I'm having difficulty thinking of a good Southern writer who wrote before the war. Edgar Allan Poe is one. The only Northern writers worth a damn were James Fenimore Cooper and Nathaniel Hawthorne.

It's curious that the Southern Renascence in literature didn't occur until early this century when the Nashville Fugitive poets came along at the same time as Faulkner. Then there was Robert Penn Warren, Thomas Wolfe, Eudora Welty, Flannery O'Connor, Walker Percy...we could make quite a long list.

Hands down, the South has been far more influential in American letters this century than the North has.



To: JF Quinnelly who wrote (58416)2/4/2001 8:11:16 PM
From: nihil  Read Replies (1) | Respond to of 71178
 
Well, if you consider notes on Virginia as a product of the pre-Civil War slave culture, you have real imagination.
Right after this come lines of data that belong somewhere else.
lemma singletons_contractually_nash_stable:
  assumes "\<forall>a\<in>N. \<forall>b\<in>N. a \<noteq> b \<longrightarrow> u (a, b) \<le> 0"
  shows "contractually_nash_stable N u ((\<lambda>a. {a}) ` N)"
proof -
  let ?\<pi> = "(\<lambda>a. {a}) ` N"
  have "\<not> nash_deviation u ?\<pi> a C" if "a \<in> N" for a C
  proof
    have "coalition_of ?\<pi> a = {a}"
      by (rule coalition_of_eq[OF partition_on_singletons]) (use that in auto)
    moreover assume "nash_deviation u ?\<pi> a C"
    ultimately have "C \<subseteq> N" and "coal_util u a (C \<union> {a}) > coal_util u a {a}"
      by (auto simp: nash_deviation_def)
    moreover have "coal_util u a (C \<union> {a}) \<le> 0"
      unfolding coal_util_def using assms that \<open>C \<subseteq> N\<close> by (intro sum_nonpos) auto
    ultimately show False
      by (simp add: coal_util_def)
  qed
  then show ?thesis
    using partition_on_singletons
    by (auto simp: contractually_nash_stable_def contractual_deviation_def)
qed

context
  fixes D :: "real measure"
  assumes sets_D: "sets D = sets borel"
begin

lemma measurable_component_borel[measurable]:
  "(\<lambda>u. u i) \<in> borel_measurable (PiM I (\<lambda>_. D))"
proof (cases "i \<in> I")
  case True
  then have "(\<lambda>u. u i) \<in> measurable (PiM I (\<lambda>_. D)) D"
    by measurable
  then show ?thesis
    using sets_D measurable_cong_sets by blast
next
  case False
  then have "u i = undefined" if "u \<in> space (PiM I (\<lambda>_. D))" for u
    using that by (auto simp: space_PiM)
  then show ?thesis
    by (subst measurable_cong[where g = "\<lambda>_. undefined"]) auto
qed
Admittedly, some of his remarks on Negroes in that book do reflect the ignorance and prejudice of the Southern fools, and today lead to Jesserson being condemned, quite correctly, as a racist. As for the badly flawed Constitution which had to be cleaned up in blood, it was hardly the work of a Southerner. The awful parts, I will admit, were written by Southerners. But that is exactly my point -- Southern culture was so defective that it made a bllody war inevitable. The US would not be worthwhile until all of the slavery crap was washed away by blood. Some culture!
As for the Northern books, I suggest you read Walt Whitman, Moby Dick, Conquest of Mexico and of Peru, Longfellow, Uncle Tom's Cabin (perhaps the most influential of all), Emerson's Essays, Franklin's Autobiography, Two Years before the Mast, The Deerslayer, .... the list goes on and on. Nothing written by a Southerner in period 1828-1860 is worth its weight in toilet paper. Even Helper's book is so rotten that no decent person can stand to read it today.
If you have actually read Arator, and are not just showing off, I congratulate you for having so much time to waste.